Fona devredilen şirketlerin, kurumlar vergisi gibi çeşitli yükümlülüklerden muaf tutulduğu göz önüne alındığında; kriz zamanlarında bütçe açığının kapatılmasına bir faydaları olmuyor. Pandemiyle mücadelede gerekli vergi gelirlerine katkı sağlamadılar. Ayrıca bu şirketlerin fona devri, “paralel/çoklu Hazine” çağırışımı yapıyor. Bu iddianın birçok nedeni var: İlki, Hazine ve TCMB yanında devlet adına kurulmuş üçüncü bir kurumun oluşturulması, kurumlar arası koordinasyon açısından güçlük yaratabilmesi. İkincisi, TVF ve ona bağlı kaynaklar, genel yönetim bütçesi içinde gösterilemediği için Hazine Birliği ilkesinin zarar görebilmesi. Üçüncüsü, TVF’nin 1990’larda mali disiplini bozan, krizler yaşamamıza neden olan bütçe dışı fon uygulamalarına benzeme olasılığının yükselmesi. TVF kurulduğundan bu yana Uluslar-arası Varlık Fonu Enstitüsü’nün geliştirdiği Şeffaflık Endeksi değerine ulaşamadı.

– TVF’deki bankaların görev zararları da çok arttı…

BÜYÜME SEKTEYE UĞRUYOR

– Türkiye dünyada en fazla borçlu ülkelerden. Türkiye dış borcunu nasıl çevirebilir?

Dış borç yükü son beş yıl içinde yüzde 45’ten yüzde 62’ye çıktı. Ülke CDS priminin yüksekliği, yaşanan kur sıçrayışları dış borçlanma olanaklarını azaltıyor. 2018 yılı 2. çeyrekten bu yana brüt dış borç stoku 440-450 milyar dolar arasında.

Brüt dış borç stokunun içinde özel sektör borçları ağırlıkta.

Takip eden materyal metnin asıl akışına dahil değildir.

(* Let $X\subset\mathbb{R}^n$ be a finite set of points, $\epsilon\ge0$, and let $(F,G)$ be the output of the coefficient-normalized VCA or of the gradient-normalized VCA on input $(X,\epsilon)$, with degree-$t$ parts $F_t$. Then for every integer $\tau\ge 0$, $|F^\tau|=\sum_{t=0}^{\tau}|F_t|\le\binom{n+\tau}{n}$.
   Context: $\mathcal{R}_n=\mathbb{R}[x_1,\ldots,x_n]$. For $X=\{\boldsymbol x_1,\ldots,\boldsymbol x_N\}$ and $h\in\mathcal R_n$, $h(X)=(h(\boldsymbol x_1),\ldots,h(\boldsymbol x_N))^\top$; for an ordered finite set $H=\{h_1,\ldots,h_s\}$, $H(X)$ has columns $h_j(X)$; $H\boldsymbol w=\sum_jw_jh_j$ and $HW=\{H\boldsymbol w_1,\ldots\}$ for $W$ with columns $\boldsymbol w_i$. Normalization matrices: gradient, $\mathfrak N_{\mathrm g}(H;X)=\mathfrak n_{\mathrm g}(H;X)^\top\mathfrak n_{\mathrm g}(H;X)$ where $\mathfrak n_{\mathrm g}(H;X)$ has columns $\mathrm{vec}(\nabla h_j(X))$ and $\nabla h(X)$ is the $N\times n$ matrix of gradients of $h$ at the points; coefficient, $\mathfrak N_{\mathrm c}(H)=\mathfrak n_{\mathrm c}(H)^\top\mathfrak n_{\mathrm c}(H)$ where $\mathfrak n_{\mathrm c}(H)$ has as columns the coefficient vectors of the $h_j$. Normalized VCA with normalization matrix $\mathfrak N$ on input $(X,\epsilon)$: $F_0=\{m\}$ ($m$ a nonzero constant), $G_0=\emptyset$; for $t=1,2,\ldots$: (S1) $C_1^{\mathrm{pre}}=\{x_1,\ldots,x_n\}$, $C_t^{\mathrm{pre}}=\{pq:p\in F_1,q\in F_{t-1}\}$ for $t>1$; $C_t=C_t^{\mathrm{pre}}-F^{t-1}F^{t-1}(X)^\dagger C_t^{\mathrm{pre}}(X)$ with $F^{t-1}=F_0\cup\cdots\cup F_{t-1}$ and $\dagger$ the pseudo-inverse. (S2) Solve $C_t(X)^\top C_t(X)V=\mathfrak N(C_t)V\Lambda$ with generalized eigenvectors $\boldsymbol v_i$ and eigenvalues $\lambda_i$. (S3) $F_t=\{C_t\boldsymbol v_i:\sqrt{\lambda_i}>\epsilon\}$, $G_t=\{C_t\boldsymbol v_i:\sqrt{\lambda_i}\le\epsilon\}$; if $F_t=\emptyset$ output $F=F_0\cup\cdots\cup F_t$, $G=G_0\cup\cdots\cup G_t$; else continue. Gradient-normalized VCA uses $\mathfrak N=\mathfrak N_{\mathrm g}(\cdot;X)$, coefficient-normalized uses $\mathfrak N=\mathfrak N_{\mathrm c}$. $F_t$ is empty for $t$ beyond the termination step. *)

theory Defs
  imports "HOL-Library.Poly_Mapping" "Jordan_Normal_Form.Matrix"
begin
(* Let $b:\mathbb{D}\to\mathbb{D}$ be analytic with zero sequence $(a_n)_n$ and singular inner factor $S_\nu$, let $\Omega$ be an approach region at $1$ and $m\ge0$ an integer, and assume \[\sup_{z\in\Omega}\ \sum_n\frac{1-|a_n|^2}{|1-\overline{a_n}z|^{2m+2}}+\int_{\mathbb{T}}\frac{d\nu(\zeta)}{|1-\overline{\zeta}z|^{2m+2}}+\int_{\mathbb{T}}\frac{-\log|b(\zeta)|}{|1-\overline{\zeta}z|^{2m+2}}\,dm(\zeta)<\infty.\] If $\overline{\partial_z}^m k^b_z\to\overline{\partial_z}^m k^b_1$ in the norm of $\mathcal{H}(b)$ as $z\to1$ in $\Omega$, then for every $0\le j<m$ we also have $\overline{\partial_z}^j k^b_z\to\overline{\partial_z}^j k^b_1$ in norm as $z\to1$ in $\Omega$.
   Context: $\mathbb{D}$ unit disk, $\mathbb{T}$ unit circle, $m$ (as measure) normalized Lebesgue measure on $\mathbb{T}$; $S_\nu(z)=\exp(-\int_{\mathbb{T}}\frac{\zeta+z}{\zeta-z}d\nu(\zeta))$. $\mathcal{H}(b)$ is the reproducing kernel Hilbert space with kernel $k^b_z(w)=\frac{1-\overline{b(z)}b(w)}{1-\overline{z}w}$; $\overline{\partial_z}^j k^b_z$ is the $j$-th $\bar z$-derivative of $z\mapsto k^b_z$, with $\langle f,\overline{\partial_z}^j k^b_z\rangle_b=f^{(j)}(z)$. Under the hypothesis, for each $j\le m$, $\overline{\partial_z}^j k^b_z$ converges weakly as $z\to1$ in $\Omega$; its weak limit is denoted $\overline{\partial_z}^j k^b_1$. An approach region at $1$ is an open simply connected $\Omega\subset\mathbb{D}$ with $\partial\Omega\cap\mathbb{T}=\{1\}$ such that for $z\in\Omega$ close to $1$ the segment $[z,1]\subset\Omega$. *)

theory Defs
  imports "HOL-Complex_Analysis.Complex_Analysis"
begin

abbreviation disk :: "complex set" where "disk \<equiv> ball 0 1"
definition GMDA :: "(real \<Rightarrow> real) \<Rightarrow> (real \<Rightarrow> real) \<Rightarrow> bool" where
  "GMDA F h \<longleftrightarrow>
     (\<forall>y::real. ((\<lambda>x. (1 - F (x + y * h x)) / (1 - F x)) \<longlongrightarrow> exp (- y))
        (if upper_endpoint F = \<infinity> then at_top
         else at_left (real_of_ereal (upper_endpoint F))))"

definition long_tailed :: "(real \<Rightarrow> real) \<Rightarrow> bool" where
  "long_tailed F \<longleftrightarrow> (\<forall>x\<ge>0. 1 - F x > 0) \<and>
     (\<forall>y::real. ((\<lambda>x. (1 - F (x + y)) / (1 - F x)) \<longlongrightarrow> 1) at_top)"

definition dominatedly_varying :: "(real \<Rightarrow> real) \<Rightarrow> bool" where
  "dominatedly_varying g \<longleftrightarrow> (\<forall>\<^sub>F x in at_top. g x > 0) \<and>
     (\<forall>y>0. 0 < Liminf at_top (\<lambda>x. ereal (g (x * y) / g x)) \<and>
            Limsup at_top (\<lambda>x. ereal (g (x * y) / g x)) < \<infinity>)"

definition class_D :: "(real \<Rightarrow> real) \<Rightarrow> bool" where
  "class_D F \<longleftrightarrow> dominatedly_varying (\<lambda>x. 1 - F x)"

Özel sektör borçlarının önemli bir kısmı Hazine Garantili. Özel sektör borçlarını ödeyemediğinde, borcun toplumsallaşma riski var. Diğer yandan özel sektör yatırımları için gerekli finansman ihtiyacını dış borçlanmayla karşılayamadığında ekonomik büyüme sekteye uğruyor. Doğrudan yabancı sermaye yatırımlarını, çokuluslu şirketleri ülkemize çekmeliyiz.